Of Mankind And War

In a season of so much senseless carnage on our home front, it’s difficult to put anything coherent into words, much less wise or helpful. When people seek to destroy other people, it just doesn’t compute.

The only way I can put the recent bombings and murders in elementary schools into perspective is to look at history and to remind myself that, while horrendous, events like these are nothing new. Mankind is at war and really always has been.

As far back as recorded history, cultures have clashed. Almost 2,500 years ago (484 B.C.-430 B.C.), Herodotus, a Greek known as the father of history, wrote in The Histories of Herodotus, “In peace, children inter their parents; war violates the order of nature and causes parents to inter their children.”

Herodotus confirmed that war, a fixture in the world across history, brings harm to innocents inevitably causing parents to “inter their children.”

I pray I never have to bury a child of mine. It must be the most devastating of all experiences. How could Bill Richard imagine he’d be burying his 8-year-old son, Martin, only three days after finishing the prestigious Boston Marathon; that his wife, Denise, would be recovering from brain surgery and his little daughter from a leg amputation after an IED – the kind used to kill our troops in Iraq and Afghanistan – would explode on them?

But does a bombing by one or two bombers qualify as war?

One dictionary definition says to be “at war” is to be “in an active state of confusion.” Terrorism, an act of war whether perpetrated by organized groups like alQaida or a lone actor, is certainly meant to instill fear and create confusion. Radicals inside and outside of the U.S. are at war for different reasons: Some hate the government, some our alliance with Israel; some are at war with bankers and investors, some with those who provide abortions, others with those who cut down trees.

Extremist groups have perpetrated acts of war against the U.S. for decades. In the mid- to late 1970s, airplane hijackings and hostage-taking almost were commonplace.

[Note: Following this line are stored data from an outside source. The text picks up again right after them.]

(* Let $V$ be a real Hilbert space, $W\subset V$ a subspace of finite dimension $m$, $\mathcal M\subset V$ a bounded set, and $Z_N\subset V$ a subspace of finite dimension $N$. Let $\widetilde W^\perp$ be the orthogonal complement of $W$ in $W+Z_N$, and set $\varepsilon_N:=\sup_{u\in\mathcal M}\operatorname{dist}(u,Z_N)$. Define, for $c\in W^\perp$ and linear $B:W\to W^\perp$, $$F(c,B)=\sup_{u\in\mathcal M}\|P_{W^\perp}u-c-B(P_Wu)\|,$$ and suppose $(\bar c,\bar B)$ minimizes $F$ over $\widetilde W^\perp\times\mathcal L(W,\widetilde W^\perp)$. Let $\widetilde A(w)=w+\bar c+\bar B w$. Then, with $E^*_{\mathrm{wca}}(\mathcal M):=\inf\{E_{\mathrm{wc}}(A,\mathcal M): A:W\to V\text{ affine}\}$, $$E^*_{\mathrm{wca}}(\mathcal M)\le E_{\mathrm{wc}}(\widetilde A,\mathcal M)\le E^*_{\mathrm{wca}}(\mathcal M)+\varepsilon_N.$$
   Context: $P_W$, $P_{W^\perp}$ are orthogonal projections onto $W$ and its orthogonal complement $W^\perp$ in $V$. $\mathcal L(X,Y)$ denotes linear maps from $X$ to $Y$. For a map $A:W\to V$, $E_{\mathrm{wc}}(A,\mathcal M)=\sup\{\|u-A(P_Wu)\|:u\in\mathcal M\}$. $\operatorname{dist}(u,Z_N)=\inf_{z\in Z_N}\|u-z\|$. *)

theory Defs
  imports "HOL-Analysis.Analysis"
begin

definition orth_compl :: "'a::real_inner set \<Rightarrow> 'a set" where
  "orth_compl S = {x. \<forall>y\<in>S. inner x y = 0}"

definition orth_proj :: "'a::real_inner set \<Rightarrow> 'a \<Rightarrow> 'a" where
  "orth_proj S u = (THE p. p \<in> S \<and> (\<forall>y\<in>S. inner (u - p) y = 0))"

definition E_wc :: "'a::real_inner set \<Rightarrow> ('a \<Rightarrow> 'a) \<Rightarrow> 'a set \<Rightarrow> real" where
  "E_wc W A M = (SUP u\<in>M. norm (u - A (orth_proj W u)))"

definition affine_on :: "'a::real_vector set \<Rightarrow> ('a \<Rightarrow> 'a) \<Rightarrow> bool" where
  "affine_on W A \<longleftrightarrow> (\<exists>c L. linear L \<and> (\<forall>w\<in>W. A w = c + L w))"

definition E_wca_opt :: "'a::real_inner set \<Rightarrow> 'a set \<Rightarrow> real" where
  "E_wca_opt W M = (INF A\<in>{A. affine_on W A}. E_wc W A M)"

definition F_obj :: "'a::real_inner set \<Rightarrow> 'a set \<Rightarrow> 'a \<Rightarrow> ('a \<Rightarrow> 'a) \<Rightarrow> real" where
  "F_obj W M c B = (SUP u\<in>M. norm (orth_proj (orth_compl W) u - c - B (orth_proj W u)))"

end

theory Submission
  imports Defs
begin

text \<open>The error of \<open>\<widetilde>A\<close> at u is \<open>P\<^sub>W\<^sub>\<perp> u - cbar - Bbar (P\<^sub>W u)\<close>, so
  \<open>E\<^sub>w\<^sub>c(\<widetilde>A) = F(cbar, Bbar)\<close>. Given any affine \<open>A = c + L\<close>, let R be the orthogonal projection
  onto \<open>\<widetilde>W\<^sup>\<perp>\<close>. The pair \<open>(R P\<^sub>W\<^sub>\<perp> c, R P\<^sub>W\<^sub>\<perp> L)\<close> is admissible, and its residual splits as
  \<open>R P\<^sub>W\<^sub>\<perp> (u - A (P\<^sub>W u)) + (P\<^sub>W\<^sub>\<perp> u - R P\<^sub>W\<^sub>\<perp> u)\<close>: the first term is at most the error of A,
  the second at most \<open>dist(u, Z)\<close>. Minimality of \<open>(cbar, Bbar)\<close> then gives
  \<open>E\<^sub>w\<^sub>c(\<widetilde>A) \<le> E\<^sub>w\<^sub>c(A) + \<epsilon>\<^sub>N\<close>.\<close>

section \<open>Orthogonal projection onto finite-dimensional subspaces\<close>

lemma subspace_orth_compl: "subspace (orth_compl S)"
  unfolding subspace_def orth_compl_def by (auto simp: inner_add_left)

lemma orth_proj_eqI:
  assumes "subspace S" "p \<in> S" "\<And>y. y \<in> S \<Longrightarrow> inner (u - p) y = 0"
  shows "orth_proj S u = p"
  unfolding orth_proj_def
proof (rule the_equality)
  show "p \<in> S \<and> (\<forall>y\<in>S. inner (u - p) y = 0)" using assms by blast
next
  fix q assume q: "q \<in> S \<and> (\<forall>y\<in>S. inner (u - q) y = 0)"
  have "q - p \<in> S" using assms(1,2) q by (simp add: subspace_diff)
  then have "inner (u - q) (q - p) = 0" "inner (u - p) (q - p) = 0" using q assms(3) by auto
  then have "inner (q - p) (q - p) = 0" by (simp add: algebra_simps)
  then show "q = p" by simp
qed

text \<open>Zero vectors in C contribute nothing, since \<open>x / 0 = 0\<close>.\<close>
lemma orthogonal_sum_residual:
  fixes C :: "'a::real_inner set"
  assumes "finite C" "pairwise orthogonal C" "y \<in> span C"
  shows "inner (u - (\<Sum>c\<in>C. (inner u c / inner c c) *\<^sub>R c)) y = 0"
proof -
  let ?p = "\<Sum>c\<in>C. (inner u c / inner c c) *\<^sub>R c"
  have "orthogonal (u - ?p) c" if c: "c \<in> C" for c
  proof -
    have "inner ?p c = (\<Sum>c'\<in>C. if c' = c then inner u c else 0)"
      unfolding inner_sum_left
    proof (rule sum.cong[OF refl])
      fix c' assume "c' \<in> C"
      then show "inner ((inner u c' / inner c' c') *\<^sub>R c') c = (if c' = c then inner u c else 0)"
        using assms(2) c by (auto simp: pairwise_def orthogonal_def)
    qed
    then show ?thesis using assms(1) c by (simp add: orthogonal_def inner_diff_left)
  qed
  then show ?thesis
    using orthogonal_to_span[OF assms(3)] by (simp add: orthogonal_def)
qed

lemma orth_proj_span_orthogonal:
  fixes C :: "'a::real_inner set"
  assumes "finite C" "pairwise orthogonal C"
  shows "orth_proj (span C) u = (\<Sum>c\<in>C. (inner u c / inner c c) *\<^sub>R c)"
  by (rule orth_proj_eqI[OF subspace_span])
     (auto intro: span_sum span_mul span_base orthogonal_sum_residual[OF assms])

The Symbionese Liberation Army (SLA), a group formed in prisons, kidnapped newspaper heiress Patty Hearst in February 1974, holding her for ransom while robbing banks. In March 1977, 149 hostages were held by 12 Hanafi Muslim gunmen, disgruntled former Nation of Islam members. They commandeered three buildings in Washington, D.C., and killed a reporter, police officer and shot then-D.C. Councilmember (later mayor) Marion Barry.

Well before Sept. 11, 2001, dozens of attacks occurred against the U.S. at home and abroad.

American hostages taken in Iran, the 1983 bombing and deaths of 241 Marines in Beirut, the bombing of Pan Am Flight 103, the bombing of the USS Cole and the 1993 World Trade Center, bombing the American Embassy in Nairobi, and a recent attack on the American consulate in Benghazi, Libya.

Besides al-Qaida, six or seven other key terrorist groups in the Middle East would celebrate if the U.S. went up in smoke. In fact, Israel News Agency, Jerusalem, reported April 15 that “Shortly after terror bombs exploded and murdered over 12 people at the Boston Marathon, members of Hamas, Islamic Jihad and Hezbollah were reported to be dancing in the streets of Gaza, handing out candies to passersby.”

I do appreciate President Obama calling the bombings in Boston evil. Despite the ideology people and groups embrace as justification for violence against Americans, only evil intentionally kills innocent children.

Even if war has proven to be the natural state of mankind, can’t we still hope and strive for better? For the sake of the innocents?